Timothy Page composer

Biography

After a brief career in physics, American-born composer Timothy Page left the U.S. for Helsinki, Finland on a Fulbright grant to study composition at the Sibelius Academy. He wound up putting down roots, continuing his studies from 2001-2008 with Veli-Matti Puumala, and firmly establishing himself in Finland’s contemporary music scene. Page’s body of work is widely varied stylistically, reflecting interests in a broad range of musical idioms, and he savours opportunities to explore personally untrodden territory from piece to piece. His compositions have been performed extensively in Finland and internationally, earning a number of distinctions. Page also lectures in harmony at the Sibelius Academy.

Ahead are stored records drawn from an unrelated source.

(* Let $\gamma\in(0,1)$ and let $\rho(w,t)>0$, $w>0$, $t\ge0$, be a sufficiently smooth solution of the yard-sale model equation $$\partial_t\rho(w,t)=\partial_w^2\Big[\Big(\frac{\gamma}{2}\int_0^\infty \min(w,x)^2\,\rho(x,t)\,dx\Big)\rho(w,t)\Big],$$ with $\rho(0,t)=0$, $\lim_{w\to\infty}\rho(w,t)=0$ for $t>0$, and initial condition $\rho_0$ a positive probability density on $(0,\infty)$ with $\int_0^\infty\rho_0(w)\,dw=1=\int_0^\infty w\,\rho_0(w)\,dw$; assume also that the boundary terms at $w=0$ vanish, i.e. $D\rho\to0$ and $w\,\partial_w(D\rho)\to0$ and $\partial_w(D\rho)\to 0$ as $w\to0^+$, where $D[w,t,\rho]=\frac{\gamma}{2}\int_0^\infty\min(w,x)^2\rho(x,t)\,dx$. Let $F(w,t)=\int_0^w\rho(y,t)\,dy$, $G(\cdot,t)$ its inverse, and $\mathcal{L}(f,t)=\int_0^{G(f,t)}y\,\rho(y,t)\,dy$ the Lorenz curve. Then for $f\in(0,1)$, $t>0$, $$\partial_t\mathcal{L}(f,t)=-\frac{1}{\partial_f^2\mathcal{L}(f,t)}\,\frac{\gamma}{2}\int_0^1\min\big(\partial_g\mathcal{L}(g,t),\,\partial_f\mathcal{L}(f,t)\big)^2\,dg .$$
   Context: Here $\min(a,b)$ is the minimum of $a$ and $b$. The equation models the evolution of the density of agents in wealth space $w>0$; it conserves total probability and total wealth (first moment), both normalized to $1$. *)

theory Defs
  imports "HOL-Analysis.Analysis"
begin

definition ysm_D :: "real \<Rightarrow> (real \<Rightarrow> real \<Rightarrow> real) \<Rightarrow> real \<Rightarrow> real \<Rightarrow> real" where
  "ysm_D \<gamma> \<rho> w t = \<gamma> / 2 * (LBINT x:{0<..}. (min w x)\<^sup>2 * \<rho> x t)"

definition ysm_F :: "(real \<Rightarrow> real \<Rightarrow> real) \<Rightarrow> real \<Rightarrow> real \<Rightarrow> real" where
  "ysm_F \<rho> w t = (LBINT y:{0<..w}. \<rho> y t)"

definition ysm_G :: "(real \<Rightarrow> real \<Rightarrow> real) \<Rightarrow> real \<Rightarrow> real \<Rightarrow> real" where
  "ysm_G \<rho> f t = (THE w. 0 < w \<and> ysm_F \<rho> w t = f)"

definition lorenz :: "(real \<Rightarrow> real \<Rightarrow> real) \<Rightarrow> real \<Rightarrow> real \<Rightarrow> real" where
  "lorenz \<rho> f t = (LBINT y:{0<..ysm_G \<rho> f t}. y * \<rho> y t)"

end

(*
  Write F(.,t) for the distribution function, G(.,t) for its inverse and
  M(w,t) = int_0^w y rho(y,t) dy, so that L(f,t) = M(G(f,t),t).

  In f this gives d_f L = G and d_f^2 L = 1/rho(G), and the substitution g = F(x) turns
  int_0^1 min(G(g), G(f))^2 dg into int_0^oo min(G(f), x)^2 rho(x) dx = 2 D(G(f)) / gamma.

  In t, the constraint F(G(f,s),s) = f makes the motion of the quantile contribute only to
  second order: with v = G(f,t) one has |M(G) - M(v) - v (F(G) - F(v))| <= |G - v| |F(G) - F(v)|
  at each time. Hence d_t L(f,t) = int_0^v (y - v) d_t rho(y,t) dy, and inserting
  d_t rho = d_w^2 (D rho) and integrating by parts twice (the boundary terms at 0 vanish) gives
  d_t L = -(D rho)(v) = -(1 / d_f^2 L) D(v).
*)

theory Submission
  imports Defs
begin

lemma continuous_on_slice:
  assumes "continuous_on (A \<times> B) (\<lambda>(x, y). h x y)" and "y \<in> B"
  shows "continuous_on A (\<lambda>x. h x y)"
proof -
  have "continuous_on A (\<lambda>x. (x, y))" by (intro continuous_intros)
  then show ?thesis
    using continuous_on_compose2[OF assms(1), of A "\<lambda>x. (x, y)"] assms(2) by auto
qed
lemma long_dpath_to_reachable:
  assumes "dwalk A C" "distinct C" "C \<noteq> []" "(last C, hd C) \<in> A" "(last C, x) \<in> A\<^sup>*"
  shows "\<exists>Q. dwalk A Q \<and> distinct Q \<and> length C \<le> length Q \<and>
    set Q \<subseteq> {y. (last C, y) \<in> A\<^sup>*} \<and> last Q = x"
proof -
  let ?M = "{y. (last C, y) \<in> A\<^sup>*}"
  have "\<exists>Q. cycle_then_path A C Q \<and> set Q \<subseteq> ?M \<and> last Q = x"
    using assms(5)
  proof (induction rule: rtrancl_induct)
    case base
    have "set C \<subseteq> ?M"
      using dwalk_reaches[OF assms(1)] assms(4) by (auto intro: converse_rtrancl_into_rtrancl)
    then show ?case using assms(1,2) by (auto simp: cycle_then_path_def)
  next
    case (step y x)
    then obtain Q where "cycle_then_path A C Q" "set Q \<subseteq> ?M" "last Q = y" by blast
    moreover obtain Q' where "cycle_then_path A C Q'" "last Q' = x" "set Q' \<subseteq> insert x (set Q)"
      using cycle_then_path_step[OF assms(1,2,4) calculation(1) assms(3)] step(2) calculation(3) by blast
    ultimately show ?case using step(1,2) by (blast intro: rtrancl_into_rtrancl)
  qed
  then show ?thesis by (auto simp: cycle_then_path_def)
qed

lemma maximal_dpath:
  assumes "digraph V A" "v \<in> V"
  obtains X where "X \<noteq> []" "hd X = v" "distinct X" "set X \<subseteq> V" "dwalk A X"
    "\<And>w. (last X, w) \<in> A \<Longrightarrow> w \<in> set X"
proof -
  define P where "P = {X. X \<noteq> [] \<and> hd X = v \<and> distinct X \<and> set X \<subseteq> V \<and> dwalk A X}"
  have "length Y < Suc (card V)" if "Y \<in> P" for Y
    using that assms(1) card_mono[of V "set Y"] distinct_card[of Y]
    by (auto simp: P_def digraph_def)
  moreover have "[v] \<in> P" using assms(2) by (simp add: P_def)
  ultimately obtain X where X: "X \<in> P" "\<And>Y. Y \<in> P \<Longrightarrow> length Y \<le> length X"
    using Lattices_Big.ex_has_greatest_nat[of "\<lambda>Y. Y \<in> P" "[v]" length] by blast
  have "w \<in> set X" if "(last X, w) \<in> A" for w
  proof (rule ccontr)
    assume "w \<notin> set X"
    moreover have "w \<in> V" using that assms(1) by (auto simp: digraph_def)
    ultimately have "X @ [w] \<in> P" using X(1) that by (auto simp: P_def successively_append_iff)
    then show False using X(2) by fastforce
  qed
  then show thesis using X(1) that by (auto simp: P_def)
qed

lemma far_out_neighbour_on_dpath:
  assumes "digraph V A" "X \<noteq> []" "distinct X" "\<And>w. (last X, w) \<in> A \<Longrightarrow> w \<in> set X"
    and "0 < k" "k \<le> outdeg A (last X)"
  obtains j where "j + k \<le> length X - 1" "(last X, X ! j) \<in> A"
proof -
  define m where "m = length X - 1"
  have "\<exists>j. j + k \<le> m \<and> (last X, X ! j) \<in> A"
  proof (rule ccontr)
    assume far: "\<nexists>j. j + k \<le> m \<and> (last X, X ! j) \<in> A"
    have "{w. (last X, w) \<in> A} \<subseteq> (!) X ` {m + 1 - k..<m}"
    proof
      fix w assume wA: "w \<in> {w. (last X, w) \<in> A}"
      then obtain t where t: "t < length X" "X ! t = w"
        using assms(4) by (auto simp: in_set_conv_nth)
      have "t \<noteq> m" using wA t assms(1,2) by (auto simp: m_def last_conv_nth digraph_def)
      moreover have "\<not> t + k \<le> m" using far wA t by auto
      ultimately show "w \<in> (!) X ` {m + 1 - k..<m}"
        using t by (intro rev_image_eqI[of t]) (auto simp: m_def)
    qed
    then have "outdeg A (last X) \<le> card ((!) X ` {m + 1 - k..<m})"
      unfolding outdeg_def by (rule card_mono[rotated]) simp
    also have "\<dots> < k" using card_image_le[of "{m + 1 - k..<m}" "(!) X"] assms(5) by simp
    finally show False using assms(6) by simp
  qed
  then show thesis using that by (auto simp: m_def)
qed

lemma dpath_with_long_dpath_into_its_end:
  assumes D: "digraph V A" and "v \<in> V" and deg: "\<forall>u\<in>V. k \<le> outdeg A u" and "0 < k"
  obtains Y W where "Y \<noteq> []" "hd Y = v" "distinct Y" "set Y \<subseteq> V" "dwalk A Y"
    "length W = Suc k" "distinct W" "set W \<subseteq> V" "dwalk A W" "last W = last Y"
    "\<And>w y. w \<in> set W \<Longrightarrow> y \<in> set (butlast Y) \<Longrightarrow> (w, y) \<notin> A\<^sup>*"
proof -
  obtain X where X: "X \<noteq> []" "hd X = v" "distinct X" "set X \<subseteq> V" "dwalk A X"
    "\<And>w. (last X, w) \<in> A \<Longrightarrow> w \<in> set X"
    using maximal_dpath[OF D \<open>v \<in> V\<close>] by blast
  have "last X \<in> V" using X(1,4) by (meson last_in_set subsetD)
  then have "k \<le> outdeg A (last X)" using deg by blast
  then obtain j where j: "j + k \<le> length X - 1" "(last X, X ! j) \<in> A"
    using far_out_neighbour_on_dpath[OF D X(1,3,6) \<open>0 < k\<close>] by blast
  define C where "C = drop j X"
  have C: "dwalk A C" "distinct C" "C \<noteq> []" "last C = last X" "hd C = X ! j" "Suc k \<le> length C"
    using j X(3,5) \<open>0 < k\<close> dwalk_drop by (auto simp: C_def hd_drop_conv_nth)
  define M where "M = {y. (last X, y) \<in> A\<^sup>*}"
  have "j < length X \<and> X ! j \<in> M" using j \<open>0 < k\<close> by (auto simp: M_def)
  then obtain i where "i < length X \<and> X ! i \<in> M" "\<forall>t<i. \<not> (t < length X \<and> X ! t \<in> M)"
    using exists_least_iff[of "\<lambda>t. t < length X \<and> X ! t \<in> M"] by blast
  then have i: "i < length X" "X ! i \<in> M" "\<And>t. t < i \<Longrightarrow> X ! t \<notin> M" by auto
  have "(last C, hd C) \<in> A" "(last C, X ! i) \<in> A\<^sup>*" using C(4,5) j(2) i(2) by (auto simp: M_def)
  moreover have "M = {y. (last C, y) \<in> A\<^sup>*}" using C(4) by (simp add: M_def)
  ultimately obtain Q where Q: "dwalk A Q" "distinct Q" "length C \<le> length Q" "set Q \<subseteq> M" "last Q = X ! i"
    using long_dpath_to_reachable[OF C(1-3)] by metis
  define W where "W = drop (length Q - Suc k) Q"
  define Y where "Y = take (Suc i) X"
  have MV: "M \<subseteq> V" using rtrancl_digraph_vertices[OF D \<open>last X \<in> V\<close>] by (auto simp: M_def)
  have W: "length W = Suc k" "distinct W" "dwalk A W" "set W \<subseteq> M" "last W = X ! i"
    using Q C(6) dwalk_drop by (auto simp: W_def dest: in_set_dropD)
  have Y: "Y \<noteq> []" "hd Y = v" "distinct Y" "set Y \<subseteq> V" "dwalk A Y"
    using X dwalk_take by (auto simp: Y_def dest: in_set_takeD)
  have "last Y = X ! i" "butlast Y = take i X"
    using i(1) by (auto simp: Y_def take_Suc_conv_app_nth)
  have "(w, y) \<notin> A\<^sup>*" if w: "w \<in> set W" and y: "y \<in> set (butlast Y)" for w y
  proof
    assume "(w, y) \<in> A\<^sup>*"
    then have "y \<in> M" using W(4) w by (auto simp: M_def)
    moreover obtain t where "t < i" "y = X ! t"
      using y \<open>butlast Y = take i X\<close> i(1) by (auto simp: in_set_conv_nth)
    ultimately show False using i(3) by blast
  qed
  with W(4,5) MV \<open>last Y = X ! i\<close> show thesis by (intro that[OF Y W(1,2) _ W(3)]) auto
qed

lemma digraph_delete_vertices: "digraph V A \<Longrightarrow> digraph (V - S) (Restr A (V - S))"
  by (auto simp: digraph_def)

lemma outdeg_delete_vertices:
  assumes "digraph V A" "\<forall>u\<in>V. card T + d \<le> outdeg A u" "finite T"
    and "\<And>u w. u \<notin> S \<Longrightarrow> (u, w) \<in> A \<Longrightarrow> w \<in> S \<Longrightarrow> w \<in> T"
  shows "\<forall>u\<in>V - S. d \<le> outdeg (Restr A (V - S)) u"
proof
  fix u assume u: "u \<in> V - S"
  have "{w. (u, w) \<in> A} - T \<subseteq> {w. (u, w) \<in> Restr A (V - S)}"
    using assms(1,4) u by (auto simp: digraph_def)
  moreover have "finite {w. (u, w) \<in> Restr A (V - S)}"
    using assms(1) by (auto simp: digraph_def intro: finite_subset)
  ultimately have "card ({w. (u, w) \<in> A} - T) \<le> outdeg (Restr A (V - S)) u"
    unfolding outdeg_def by (rule card_mono[rotated])
  then show "d \<le> outdeg (Restr A (V - S)) u"
    using diff_card_le_card_Diff[OF assms(3), of "{w. (u, w) \<in> A}"] assms(2) u
    by (force simp: outdeg_def)
qed

definition stretches :: "nat list \<Rightarrow> nat list \<Rightarrow> bool" where
  "stretches ks' ks \<longleftrightarrow> length ks' = length ks \<and>
     (\<forall>i < length ks. if even i then ks' ! i \<ge> ks ! i else ks' ! i = ks ! i)"

lemma stretches_Suc_Suc_iff: "stretches (Suc k' # ks') (Suc k # ks) \<longleftrightarrow> stretches (k' # ks') (k # ks)"
  by (auto simp: stretches_def All_less_Suc2)

lemma stretches_Cons_Cons_iff:
  "stretches (a' # b' # ks') (a # b # ks) \<longleftrightarrow> a \<le> a' \<and> b' = b \<and> stretches ks' ks"
  by (auto simp: stretches_def All_less_Suc2)

definition has_P_path_from :: "'a set \<Rightarrow> ('a \<times> 'a) set \<Rightarrow> nat list \<Rightarrow> 'a \<Rightarrow> bool" where
  "has_P_path_from V A ks v \<longleftrightarrow> (\<exists>ks' xs. stretches ks' ks \<and> is_P_path V A ks' xs \<and> hd xs = v)"

lemma has_P_path_from_trivial:
  assumes "v \<in> V" "ks = [] \<or> ks = [0]"
  shows "has_P_path_from V A ks v"
  using assms unfolding has_P_path_from_def
  by (intro exI[of _ ks] exI[of _ "[v]"]) (auto simp: stretches_def is_P_path_def edge_dirs_Cons)

lemma has_P_path_from_Suc_Cons:
  fixes v :: 'a
  assumes D: "digraph V A" and "v \<in> V" and deg: "\<forall>u\<in>V. Suc (sum_list (k # ks)) \<le> outdeg A u"
    and IH: "\<And>V' A' (w :: 'a). digraph V' A' \<Longrightarrow> w \<in> V' \<Longrightarrow> \<forall>u\<in>V'. sum_list (k # ks) \<le> outdeg A' u \<Longrightarrow>
      has_P_path_from V' A' (k # ks) w"
  shows "has_P_path_from V A (Suc k # ks) v"
proof -
  have "card {w. (v, w) \<in> A} \<noteq> 0" using deg \<open>v \<in> V\<close> by (fastforce simp: outdeg_def)
  then obtain u where vu: "(v, u) \<in> A" by fastforce
  have "u \<in> V - {v}" using vu D by (auto simp: digraph_def)
  moreover have "\<forall>u\<in>V - {v}. sum_list (k # ks) \<le> outdeg (Restr A (V - {v})) u"
    using outdeg_delete_vertices[OF D, where T = "{v}" and S = "{v}"] deg by simp
  ultimately have "has_P_path_from (V - {v}) (Restr A (V - {v})) (k # ks) u"
    by (rule IH[OF digraph_delete_vertices[OF D]])
  then obtain ks' xs where
    P: "stretches ks' (k # ks)" "is_P_path (V - {v}) (Restr A (V - {v})) ks' xs" "hd xs = u"
    unfolding has_P_path_from_def by blast
  obtain c r where ks': "ks' = c # r" using P(1) by (cases ks') (auto simp: stretches_def)
  have "is_P_path V A (c # r) xs" using P(2) unfolding ks' by (rule is_P_path_mono) auto
  moreover have "v \<notin> set xs" using P(2) by (auto simp: is_P_path_def)
  ultimately have "is_P_path V A (Suc c # r) (v # xs)"
    using vu P(3) \<open>v \<in> V\<close> by (simp add: is_P_path_Suc_Cons)
  then show ?thesis using P(1) unfolding has_P_path_from_def ks'
    by (intro exI[of _ "Suc c # r"] exI[of _ "v # xs"]) (simp add: stretches_Suc_Suc_iff)
qed

lemma set_entered_only_through_tl:
  assumes "W \<noteq> []" "distinct W" "\<And>w y. w \<in> set W \<Longrightarrow> y \<in> Z \<Longrightarrow> (w, y) \<notin> A\<^sup>*"
  obtains S where "Z \<subseteq> S" "set (tl W) \<subseteq> S" "hd W \<notin> S"
    "\<And>u w. u \<notin> S \<Longrightarrow> (u, w) \<in> A \<Longrightarrow> w \<in> S \<Longrightarrow> w \<in> set (tl W)"
proof
  let ?S = "{y. \<exists>z\<in>Z. (y, z) \<in> A\<^sup>*} \<union> set (tl W)"
  show "Z \<subseteq> ?S" "set (tl W) \<subseteq> ?S" by auto
  have "hd W \<notin> set (tl W)" using assms(1,2) by (cases W) auto
  then show "hd W \<notin> ?S" using assms(1) assms(3)[of "hd W"] by auto
  show "w \<in> set (tl W)" if "u \<notin> ?S" "(u, w) \<in> A" "w \<in> ?S" for u w
    using that by (auto intro: converse_rtrancl_into_rtrancl)
qed
definition emb2 :: "nat \<Rightarrow> bool list \<Rightarrow> gvert" where
  "emb2 r w = (if length w = r then QL w else T2 w)"

definition GT_verts :: "nat \<Rightarrow> gvert set" where
  "GT_verts r = {T1 w | w. length w < r} \<union> {T2 w | w. length w < r} \<union> {QL w | w. length w = r}"

definition GT_adj :: "nat \<Rightarrow> gvert \<Rightarrow> gvert \<Rightarrow> bool" where
  "GT_adj r x y \<longleftrightarrow> (\<exists>w b. length w < r \<and>
      ({x, y} = {emb1 r w, emb1 r (w @ [b])} \<or> {x, y} = {emb2 r w, emb2 r (w @ [b])}))"

definition quasi_leaves :: "nat \<Rightarrow> gvert set" where
  "quasi_leaves r = {QL w | w. length w = r}"

definition V1 :: "nat \<Rightarrow> gvert set" where
  "V1 r = {T1 w | w. length w < r}"

definition V2 :: "nat \<Rightarrow> gvert set" where
  "V2 r = {T2 w | w. length w < r}"

fun subtree_leaves :: "nat \<Rightarrow> gvert \<Rightarrow> gvert set" where
  "subtree_leaves r (T1 w) = {QL x | x. length x = r \<and> prefix w x}"
| "subtree_leaves r _ = {}"

end

theory Submission
  imports Defs
begin
lemma has_vector_derivative_iff_quotient:
  fixes f :: "real \<Rightarrow> 'a::real_normed_field"
  shows "(f has_vector_derivative D) (at t within S) \<longleftrightarrow>
    ((\<lambda>s. (f s - f t) / of_real (s - t)) \<longlongrightarrow> D) (at t within S)"
proof -
  have "norm (f s - f t - (s - t) *\<^sub>R D) / norm (s - t) = norm ((f s - f t) / of_real (s - t) - D)"
    if "s \<noteq> t" for s
  proof -
    have "(f s - f t) / of_real (s - t) - D = (f s - f t - (s - t) *\<^sub>R D) / of_real (s - t)"
      using that by (simp add: field_simps scaleR_conv_of_real)
    then show ?thesis by (simp add: norm_divide del: of_real_diff)
  qed
  then have "((\<lambda>s. norm (f s - f t - (s - t) *\<^sub>R D) / norm (s - t)) \<longlongrightarrow> 0) (at t within S) \<longleftrightarrow>
      ((\<lambda>s. norm ((f s - f t) / of_real (s - t) - D)) \<longlongrightarrow> 0) (at t within S)"
    by (intro Lim_cong_within) auto
  also have "\<dots> \<longleftrightarrow> ((\<lambda>s. (f s - f t) / of_real (s - t) - D) \<longlongrightarrow> 0) (at t within S)"
    by (rule tendsto_norm_zero_iff)
  finally show ?thesis
    by (simp add: has_vector_derivative_def has_derivative_iff_norm bounded_linear_scaleR_left LIM_zero_iff)
qed

section \<open>The harmonic oscillator\<close>

definition osc :: "complex \<Rightarrow> complex \<Rightarrow> real \<Rightarrow> real \<Rightarrow> complex" where
  "osc A B m t = A * of_real (cos (m * t)) + B * of_real (sin (m * t))"

definition osc_deriv :: "complex \<Rightarrow> complex \<Rightarrow> real \<Rightarrow> real \<Rightarrow> complex" where
  "osc_deriv A B m t = of_real m * (B * of_real (cos (m * t)) - A * of_real (sin (m * t)))"

lemma osc_0 [simp]: "osc A B m 0 = A"
  by (simp add: osc_def)

lemma osc_deriv_0 [simp]: "osc_deriv A B m 0 = of_real m * B"
  by (simp add: osc_deriv_def)

lemma osc_deriv_eq: "osc_deriv A B m t = of_real m * osc B (- A) m t"
  by (simp add: osc_deriv_def osc_def)

lemma has_vector_derivative_osc:
  "(osc A B m has_vector_derivative osc_deriv A B m t) (at t within S)"
  unfolding osc_def osc_deriv_def
  by (rule derivative_eq_intros refl)+ (simp add: algebra_simps)

lemma has_vector_derivative_osc_deriv:
  "(osc_deriv A B m has_vector_derivative (- of_real (m\<^sup>2) * osc A B m t)) (at t within S)"
  unfolding osc_def osc_deriv_def
  by (rule derivative_eq_intros refl)+ (simp add: algebra_simps power2_eq_square)

lemma continuous_on_osc: "continuous_on S (osc A B m)"
  unfolding osc_def by (intro continuous_intros)

lemma continuous_on_osc_deriv: "continuous_on S (osc_deriv A B m)"
  unfolding osc_deriv_def by (intro continuous_intros)

lemma norm_osc_le: "cmod (osc A B m t) \<le> cmod A + cmod B"
proof -
  have "cmod (osc A B m t) \<le> cmod A * \<bar>cos (m * t)\<bar> + cmod B * \<bar>sin (m * t)\<bar>"
    unfolding osc_def by (metis norm_mult norm_of_real norm_triangle_ineq)
  also have "\<dots> \<le> cmod A + cmod B"
    by (intro add_mono mult_left_le) auto
  finally show ?thesis .
qed

lemma norm_osc_deriv_le:
  assumes "m \<ge> 0"
  shows "cmod (osc_deriv A B m t) \<le> m * (cmod A + cmod B)"
  using norm_osc_le[of B "- A" m t] assms
  by (simp add: osc_deriv_eq norm_mult add.commute mult_left_mono)
lemma deriv_replace_left:
  assumes "deriv (add_mset F \<Gamma>) Z" and "wf_ctx R"
    and "\<And>p. F \<noteq> Atom p" and "F \<noteq> Bot" and "\<And>A B. F \<noteq> SImp A B"
    and Conj_case: "\<And>X Y \<Gamma> Z. F = Conj X Y \<Longrightarrow>
      deriv (add_mset X (add_mset Y \<Gamma>)) Z \<Longrightarrow> deriv (R + \<Gamma>) Z"
    and Disj_case: "\<And>X Y \<Gamma> Z. F = Disj X Y \<Longrightarrow>
      deriv (add_mset X \<Gamma>) Z \<Longrightarrow> deriv (add_mset Y \<Gamma>) Z \<Longrightarrow> deriv (R + \<Gamma>) Z"
    and MImp_case: "\<And>A B \<Gamma> Z. F = MImp A B \<Longrightarrow>
      deriv (R + \<Gamma>) A \<Longrightarrow> deriv (add_mset B \<Gamma>) Z \<Longrightarrow> deriv (R + \<Gamma>) Z"
  shows "deriv (R + \<Gamma>) Z"
  using assms(1)
proof (induction "add_mset F \<Gamma>" Z arbitrary: \<Gamma> rule: deriv.induct)
  case (idS \<Delta> p)
  have "Atom p \<in># R + \<Gamma>" "wf_ctx (R + \<Gamma>)"
    using idS insert_noteq_member[OF idS(2)[symmetric]] wf_ctx_add_mset_eq[OF idS(2)] assms(2,3)
    by auto
  then show ?case by (rule deriv_from_member) (rule deriv.idS)
next
  case (LBot \<Delta> Z)
  have "Bot \<in># R + \<Gamma>" "wf_ctx (R + \<Gamma>)"
    using LBot insert_noteq_member[OF LBot(3)[symmetric]] wf_ctx_add_mset_eq[OF LBot(3)] assms(2,4)
    by auto
  then show ?case by (rule deriv_from_member) (rule deriv.LBot[OF _ LBot(2)])
next
  case (LConj X Y \<Delta> Z)
  show ?case
  proof (cases "Conj X Y = F")
    case True
    then show ?thesis using LConj Conj_case by auto
  next
    case False
    then obtain K where K: "\<Delta> = add_mset F K" "\<Gamma> = add_mset (Conj X Y) K"
      using add_eq_conv_ex[THEN iffD1, OF LConj(3)] by auto
    have "deriv (R + add_mset X (add_mset Y K)) Z"
      using LConj(2) K by (simp add: add_mset_commute)
    then show ?thesis using K by (simp add: deriv.LConj)
  qed
next
  case (LDisj X \<Delta> Z Y)
  show ?case
  proof (cases "Disj X Y = F")
    case True
    then show ?thesis using LDisj Disj_case by auto
  next
    case False
    then obtain K where K: "\<Delta> = add_mset F K" "\<Gamma> = add_mset (Disj X Y) K"
      using add_eq_conv_ex[THEN iffD1, OF LDisj(5)] by auto
    have "deriv (R + add_mset X K) Z" "deriv (R + add_mset Y K) Z"
      using LDisj(2,4) K by (simp_all add: add_mset_commute)
    then show ?thesis using K by (simp add: deriv.LDisj)
  qed
next
  case (LMImp A B \<Delta> Z)
  show ?case
  proof (cases "MImp A B = F")
    case True
    then show ?thesis using LMImp MImp_case by auto
  next
    case False
    then obtain K where K: "\<Delta> = add_mset F K" "\<Gamma> = add_mset (MImp A B) K"
      using add_eq_conv_ex[THEN iffD1, OF LMImp(7)] by auto
    have "deriv (R + add_mset (MImp A B) K) A" "deriv (R + add_mset B K) Z"
      using LMImp(4,6) K by (simp_all add: add_mset_commute)
    then show ?thesis using K LMImp(1,2) by (simp add: deriv.LMImp)
  qed
next
  case (RMImp A B)
  have "deriv (R + add_mset A \<Gamma>) B"
    using RMImp(4) by (simp add: add_mset_commute)
  then show ?case using RMImp(1,2) by (simp add: deriv.RMImp)
next
  case (LRSImp A B C D \<Delta>)
  have "SImp C D \<in># R + \<Gamma>" "wf_ctx (R + \<Gamma>)"
    using LRSImp insert_noteq_member[OF LRSImp(8)[symmetric]] wf_ctx_add_mset_eq[OF LRSImp(8)]
      assms(2,5)
    by auto
  then show ?case by (rule deriv_from_member) (rule deriv.LRSImp[OF LRSImp(1-4) _ LRSImp(6)])
next
  case (RSImp A B)
  then show ?case using assms(2) by (simp add: deriv.RSImp)
qed (auto intro: deriv.intros)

“My overall endeavour in composing navigates between three general interests in music making: seeking and personalizing the unfamiliar, re-imagining and reprocessing elements already close to me, and raising questions regarding contemporary concert music practice. The first of these currently has me investigating evolution of timbre and sound mass, elasticity of time perception, and discontinuity — all to some degree on display in works such as Torsion (2007) for orchestra, Cusp (2009) for chamber orchestra, and Curl (2010) for harp, flute, and electronics. The second interest has led to works like Kierros (2007) for viola, piano, and bass clarinet, which combines Balkan rhythm and gesture with jazz harmony and minimalist form. Suite Capsula (2007) for two guitarists, on the other hand, reflects a conceptual interest in style and context, containing thematic elements that are reincarnated in widely differing tonal languages from movement to movement. In a similar vein is Lovers of Mankind (2009), my first opera (co-written with Sami Klemola), which unapologetically weaves virtuoso rock-guitar riffs and swing into spectral and chromatic harmonic settings. Both of the latter works have a site-specific aspect, taking on somewhat of an anarchic thrust for example in Finland, where new music culture by and large has yet to embrace the postmodern.”